Red Meat and Heart Disease
Several observational studies have connected eating red meat to an increased risk of death, notably from heart disease.
A study of 43,272 men discovered that consuming more red meat—both processed and unprocessed—was related with an increased risk of heart disease.
However, the same study found that replacing red meat with plant-based proteins such as legumes, nuts, or soy could reduce this risk.
Processed Meat
According to research, the risk varies depending on whether the meat is processed or not.
A comprehensive research of 134,297 participants found that eating at least 5.3 oz (150 g) of processed beef per week significantly elevated the risk of death and heart disease.
Processed meats frequently include high quantities of salt, and an excessive sodium consumption has been related to high blood pressure, a key risk factor for cardiovascular disease.
Unprocessed Meat
In contrast, the same study revealed no significant association between unprocessed red meat consumption—even at 8.8 oz. (250 g) or more per week—and heart disease risk.
Another evaluation of controlled trials found that eating at least half a portion (1.25 oz. or 35.4 g) of unprocessed red meat per day had no harmful influence on heart disease risk factors such as blood pressure or cholesterol.

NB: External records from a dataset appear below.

(* Let $\mathcal{P}$ be a finite nonempty set of stochastic trees and $\Pi$ any partition of $S_\mathcal{P}$ in which the start states of all trees in $\mathcal{P}$ lie in the same class. Then $P \preceq \mathcal{P}/\Pi$ for every $P \in \mathcal{P}$.
   Context: An LPTS is a tuple $\langle S,s^0,\alpha,\tau\rangle$ with finite state set $S$, start state $s^0$, finite action set $\alpha$, finite $\tau\subseteq S\times\alpha\times\mathrm{Dist}(S)$, where $\mathrm{Dist}(S)$ is the set of discrete probability distributions over $S$ (rational probabilities); write $s\xrightarrow{a}\mu$. A stochastic tree is an LPTS whose start state is in the support of no transition's distribution and every other state is in the support of exactly one transition's distribution. Strong simulation: for $\mu_1\in\mathrm{Dist}(S_1)$, $\mu_2\in\mathrm{Dist}(S_2)$, $R\subseteq S_1\times S_2$, $\mu_1\sqsubseteq_R\mu_2$ iff there is $w:S_1\times S_2\to\mathbb{Q}\cap[0,1]$ with $\sum_{s_2}w(s_1,s_2)=\mu_1(s_1)$, $\sum_{s_1}w(s_1,s_2)=\mu_2(s_2)$ and $w(s_1,s_2)>0\Rightarrow s_1Rs_2$; $R$ is a strong simulation iff $s_1Rs_2$ and $s_1\xrightarrow{a}\mu_1$ imply some $s_2\xrightarrow{a}\mu_2$ with $\mu_1\sqsubseteq_R\mu_2$; $L_1\preceq L_2$ iff a strong simulation relates the start states. $S_\mathcal{P}$ is the (disjoint) union of the state sets of the trees in $\mathcal{P}$. For a partition $\Pi$ of $S_\mathcal{P}$ with classes $E_\Pi$ and class $[s]$ of $s$, the quotient $\mathcal{P}/\Pi$ is the LPTS with states $E_\Pi$, start state the common class of the start states, actions $\bigcup_{P\in\mathcal{P}}\alpha_P$, and a transition $e\xrightarrow{a}\mu$ iff some tree $P\in\mathcal{P}$ has a transition $s\xrightarrow{a}\mu_p$ with $[s]=e$ and $\mu(e')=\sum_{s'\in e'}\mu_p(s')$ for all $e'\in E_\Pi$. *)

theory Defs
  imports Complex_Main "HOL-Library.Disjoint_Sets"
begin

record ('s, 'a) lpts =
  states :: "'s set"
  start  :: 's
  acts   :: "'a set"
  trans  :: "('s \<times> 'a \<times> ('s \<Rightarrow> rat)) set"

definition is_dist :: "'s set \<Rightarrow> ('s \<Rightarrow> rat) \<Rightarrow> bool" where
  "is_dist S \<mu> \<longleftrightarrow> (\<forall>s. 0 \<le> \<mu> s) \<and> (\<forall>s. s \<notin> S \<longrightarrow> \<mu> s = 0) \<and> (\<Sum>s\<in>S. \<mu> s) = 1"

definition is_lpts :: "('s, 'a) lpts \<Rightarrow> bool" where
  "is_lpts L \<longleftrightarrow> finite (states L) \<and> start L \<in> states L \<and> finite (acts L) \<and> finite (trans L)
     \<and> (\<forall>(s, a, \<mu>) \<in> trans L. s \<in> states L \<and> a \<in> acts L \<and> is_dist (states L) \<mu>)"

definition stochastic_tree :: "('s, 'a) lpts \<Rightarrow> bool" where
  "stochastic_tree L \<longleftrightarrow> is_lpts L
     \<and> (\<forall>(s, a, \<mu>) \<in> trans L. \<mu> (start L) = 0)
     \<and> (\<forall>t \<in> states L - {start L}. card {(s, a, \<mu>) \<in> trans L. 0 < \<mu> t} = 1)"

definition lift_rel :: "'s1 set \<Rightarrow> 's2 set \<Rightarrow> ('s1 \<times> 's2) set \<Rightarrow> ('s1 \<Rightarrow> rat) \<Rightarrow> ('s2 \<Rightarrow> rat) \<Rightarrow> bool" where
  "lift_rel S1 S2 R \<mu>1 \<mu>2 \<longleftrightarrow> (\<exists>w :: 's1 \<Rightarrow> 's2 \<Rightarrow> rat.
       (\<forall>x y. 0 \<le> w x y \<and> w x y \<le> 1)
     \<and> (\<forall>x\<in>S1. (\<Sum>y\<in>S2. w x y) = \<mu>1 x)
     \<and> (\<forall>y\<in>S2. (\<Sum>x\<in>S1. w x y) = \<mu>2 y)
     \<and> (\<forall>x y. 0 < w x y \<longrightarrow> (x, y) \<in> R))"

definition strong_simulation :: "('s1, 'a) lpts \<Rightarrow> ('s2, 'a) lpts \<Rightarrow> ('s1 \<times> 's2) set \<Rightarrow> bool" where
  "strong_simulation L1 L2 R \<longleftrightarrow> R \<subseteq> states L1 \<times> states L2 \<and>
     (\<forall>(s1, s2) \<in> R. \<forall>a \<mu>1. (s1, a, \<mu>1) \<in> trans L1 \<longrightarrow>
        (\<exists>\<mu>2. (s2, a, \<mu>2) \<in> trans L2 \<and> lift_rel (states L1) (states L2) R \<mu>1 \<mu>2))"

definition simulated :: "('s1, 'a) lpts \<Rightarrow> ('s2, 'a) lpts \<Rightarrow> bool" (infix "\<preceq>\<^sub>s" 50) where
  "L1 \<preceq>\<^sub>s L2 \<longleftrightarrow> (\<exists>R. strong_simulation L1 L2 R \<and> (start L1, start L2) \<in> R)"

text \<open>Disjoint union of the state sets: states tagged with the tree they belong to.\<close>
definition union_states :: "('s, 'a) lpts set \<Rightarrow> (('s, 'a) lpts \<times> 's) set" where
  "union_states Ps = {(P, s). P \<in> Ps \<and> s \<in> states P}"

definition cls :: "'x set set \<Rightarrow> 'x \<Rightarrow> 'x set" where
  "cls Part x = (THE e. e \<in> Part \<and> x \<in> e)"

definition lift_dist :: "(('s, 'a) lpts \<times> 's) set set \<Rightarrow> ('s, 'a) lpts \<Rightarrow> ('s \<Rightarrow> rat)
    \<Rightarrow> (('s, 'a) lpts \<times> 's) set \<Rightarrow> rat" where
  "lift_dist Part P \<mu> e = (if e \<in> Part then (\<Sum>s'\<in>{s' \<in> states P. (P, s') \<in> e}. \<mu> s') else 0)"

definition quot_lpts :: "('s, 'a) lpts set \<Rightarrow> (('s, 'a) lpts \<times> 's) set set
    \<Rightarrow> ((('s, 'a) lpts \<times> 's) set, 'a) lpts" where
  "quot_lpts Ps Part = \<lparr> states = Part,
     start = cls Part (let P = (SOME P. P \<in> Ps) in (P, start P)),
     acts = (\<Union>P\<in>Ps. acts P),
     trans = {(e, a, \<mu>). \<exists>P\<in>Ps. \<exists>s \<mu>p. (s, a, \<mu>p) \<in> trans P \<and> cls Part (P, s) = e
                                  \<and> \<mu> = lift_dist Part P \<mu>p} \<rparr>"

end

theory Submission
  imports Defs
begin

text \<open>Each tree is simulated by the quotient via the graph of the quotient map
  s \<mapsto> [(P, s)]: a transition s \<rightarrow>a \<mu> of P induces, by definition of the quotient, the
  transition [(P, s)] \<rightarrow>a \<mu>/\<Pi>, and the weight function that places the mass \<mu> s on the
  pair (s, [(P, s)]) witnesses \<mu> \<sqsubseteq> \<mu>/\<Pi>. The start states are related because all of them
  lie in the start class.\<close>

lemma cls_eq:
  assumes "partition_on A Part" "e \<in> Part" "x \<in> e"
  shows "cls Part x = e"
  unfolding cls_def
proof (rule the_equality)
  fix e' assume "e' \<in> Part \<and> x \<in> e'"
  then show "e' = e"
    using assms disjointD[OF partition_onD2[OF assms(1)]] by blast
qed (use assms in blast)

lemma cls_in_partition:
  assumes "partition_on A Part" "x \<in> A"
  shows "cls Part x \<in> Part" and "x \<in> cls Part x"
proof -
  obtain e where "e \<in> Part" "x \<in> e"
    using assms partition_onD1 by blast
  then show "cls Part x \<in> Part" "x \<in> cls Part x"
    using cls_eq[OF assms(1)] by simp_all
qed

lemma cls_eq_iff_mem:
  assumes "partition_on A Part" "e \<in> Part" "x \<in> A"
  shows "e = cls Part x \<longleftrightarrow> x \<in> e"
  using cls_eq[OF assms(1,2)] cls_in_partition[OF assms(1,3)] by metis

lemma is_dist_le_1:
  assumes "finite S" "is_dist S \<mu>"
  shows "\<mu> x \<le> 1"
proof (cases "x \<in> S")
  case True
  then have "\<mu> x \<le> (\<Sum>s\<in>S. \<mu> s)"
    using assms by (intro member_le_sum) (auto simp: is_dist_def)
  then show ?thesis using assms(2) by (simp add: is_dist_def)
next
  case False
  then show ?thesis using assms(2) by (simp add: is_dist_def)
qed

lemma finite_union_states:
  assumes "finite Ps" "\<And>P. P \<in> Ps \<Longrightarrow> finite (states P)"
  shows "finite (union_states Ps)"
proof (rule finite_subset)
  show "union_states Ps \<subseteq> (\<Union>P\<in>Ps. Pair P ` states P)"
    unfolding union_states_def by auto
  show "finite (\<Union>P\<in>Ps. Pair P ` states P)"
    using assms by simp
qed

definition quot_graph :: "(('s, 'a) lpts \<times> 's) set set \<Rightarrow> ('s, 'a) lpts
    \<Rightarrow> ('s \<times> (('s, 'a) lpts \<times> 's) set) set" where
  "quot_graph Part P = {(s, cls Part (P, s)) | s. s \<in> states P}"

lemma lift_rel_quot_graph:
  assumes part: "partition_on A Part" and "finite Part" "finite (states P)"
    and dist: "is_dist (states P) \<mu>"
    and in_A: "\<And>s. s \<in> states P \<Longrightarrow> (P, s) \<in> A"
  shows "lift_rel (states P) Part (quot_graph Part P) \<mu> (lift_dist Part P \<mu>)"
proof -
  define w where "w x y = (if x \<in> states P \<and> y = cls Part (P, x) then \<mu> x else 0)" for x y
  show ?thesis
    unfolding lift_rel_def
  proof (intro exI[of _ w] conjI allI ballI impI)
    fix x y
    show "0 \<le> w x y" "w x y \<le> 1"
      using dist is_dist_le_1[OF \<open>finite (states P)\<close> dist] by (auto simp: w_def is_dist_def)
    show "0 < w x y \<Longrightarrow> (x, y) \<in> quot_graph Part P"
      by (auto simp: w_def quot_graph_def split: if_splits)
  next
    fix x assume x: "x \<in> states P"
    have "(\<Sum>y\<in>Part. w x y) = (\<Sum>y\<in>Part. if y = cls Part (P, x) then \<mu> x else 0)"
      using x by (intro sum.cong) (auto simp: w_def)
    also have "\<dots> = \<mu> x"
      using \<open>finite Part\<close> cls_in_partition(1)[OF part in_A[OF x]] by simp
    finally show "(\<Sum>y\<in>Part. w x y) = \<mu> x" .
  next
    fix y assume y: "y \<in> Part"
    have "(\<Sum>x\<in>states P. w x y) = (\<Sum>x\<in>states P. if (P, x) \<in> y then \<mu> x else 0)"
      using cls_eq_iff_mem[OF part y in_A] by (intro sum.cong) (auto simp: w_def)
    also have "\<dots> = lift_dist Part P \<mu> y"
      using \<open>finite (states P)\<close> y by (simp add: sum.inter_filter lift_dist_def)
    finally show "(\<Sum>x\<in>states P. w x y) = lift_dist Part P \<mu> y" .
  qed
qed

lemma strong_simulation_quot_graph:
  assumes part: "partition_on (union_states Ps) Part" and "finite Part"
    and "P \<in> Ps" "is_lpts P"
  shows "strong_simulation P (quot_lpts Ps Part) (quot_graph Part P)"
proof -
  have in_U: "(P, s) \<in> union_states Ps" if "s \<in> states P" for s
    using that \<open>P \<in> Ps\<close> by (simp add: union_states_def)
  have "\<exists>\<mu>'. (cls Part (P, s), a, \<mu>') \<in> trans (quot_lpts Ps Part)
            \<and> lift_rel (states P) Part (quot_graph Part P) \<mu> \<mu>'"
    if "(s, a, \<mu>) \<in> trans P" for s a \<mu>
  proof (intro exI conjI)
    show "(cls Part (P, s), a, lift_dist Part P \<mu>) \<in> trans (quot_lpts Ps Part)"
      using that \<open>P \<in> Ps\<close> by (auto simp: quot_lpts_def)
    show "lift_rel (states P) Part (quot_graph Part P) \<mu> (lift_dist Part P \<mu>)"
      using that \<open>is_lpts P\<close>
      by (intro lift_rel_quot_graph[OF part \<open>finite Part\<close>] in_U) (auto simp: is_lpts_def)
  qed
  moreover have "quot_graph Part P \<subseteq> states P \<times> Part"
    using cls_in_partition(1)[OF part in_U] by (auto simp: quot_graph_def)
  ultimately show ?thesis
    by (auto simp: strong_simulation_def quot_graph_def quot_lpts_def)
qed

lemma start_quot_lpts:
  assumes "partition_on (union_states Ps) Part" "Ps \<noteq> {}"
    and "e \<in> Part" "\<forall>P\<in>Ps. (P, start P) \<in> e"
  shows "start (quot_lpts Ps Part) = e"
proof -
  have "(SOME P. P \<in> Ps) \<in> Ps"
    using \<open>Ps \<noteq> {}\<close> by (simp add: some_in_eq)
  then show ?thesis
    using assms(4) cls_eq[OF assms(1,3)] by (simp add: quot_lpts_def Let_def)
qed

theorem lemma6:
  fixes Ps :: "('s, 'a) lpts set" and Part :: "(('s, 'a) lpts \<times> 's) set set"
  assumes "finite Ps" and "Ps \<noteq> {}"
    and "\<forall>P\<in>Ps. stochastic_tree P"
    and "partition_on (union_states Ps) Part"
    and "\<exists>e\<in>Part. \<forall>P\<in>Ps. (P, start P) \<in> e"
  shows "\<forall>P\<in>Ps. P \<preceq>\<^sub>s quot_lpts Ps Part"
proof
  fix P assume "P \<in> Ps"
  have lpts: "is_lpts Q" if "Q \<in> Ps" for Q
    using assms(3) that by (simp add: stochastic_tree_def)
  have "finite (union_states Ps)"
    using finite_union_states[OF assms(1)] lpts by (simp add: is_lpts_def)
  then have "finite Part"
    using assms(4) by (metis finite_UnionD partition_onD1)
  obtain e where e: "e \<in> Part" "\<forall>Q\<in>Ps. (Q, start Q) \<in> e"
    using assms(5) by blast
  have "(start P, start (quot_lpts Ps Part)) \<in> quot_graph Part P"
    using lpts[OF \<open>P \<in> Ps\<close>] e \<open>P \<in> Ps\<close>
      start_quot_lpts[OF assms(4,2) e] cls_eq[OF assms(4) e(1)]
    by (force simp: quot_graph_def is_lpts_def)
  then show "P \<preceq>\<^sub>s quot_lpts Ps Part"
    using strong_simulation_quot_graph[OF assms(4) \<open>finite Part\<close> \<open>P \<in> Ps\<close> lpts[OF \<open>P \<in> Ps\<close>]]
    unfolding simulated_def by blast
qed

end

Randomised controlled trials, which are more reliable than observational studies, tend to back up these findings.
Conclusion
Both processed and unprocessed red meats have significant levels of saturated fat, which can raise LDL (bad) cholesterol and increase the risk of heart disease.
As a result, the American Heart Association (AHA) recommends limiting saturated fat intake to less than 6% of daily calories, choosing lean cuts of meat, and avoiding processed meats.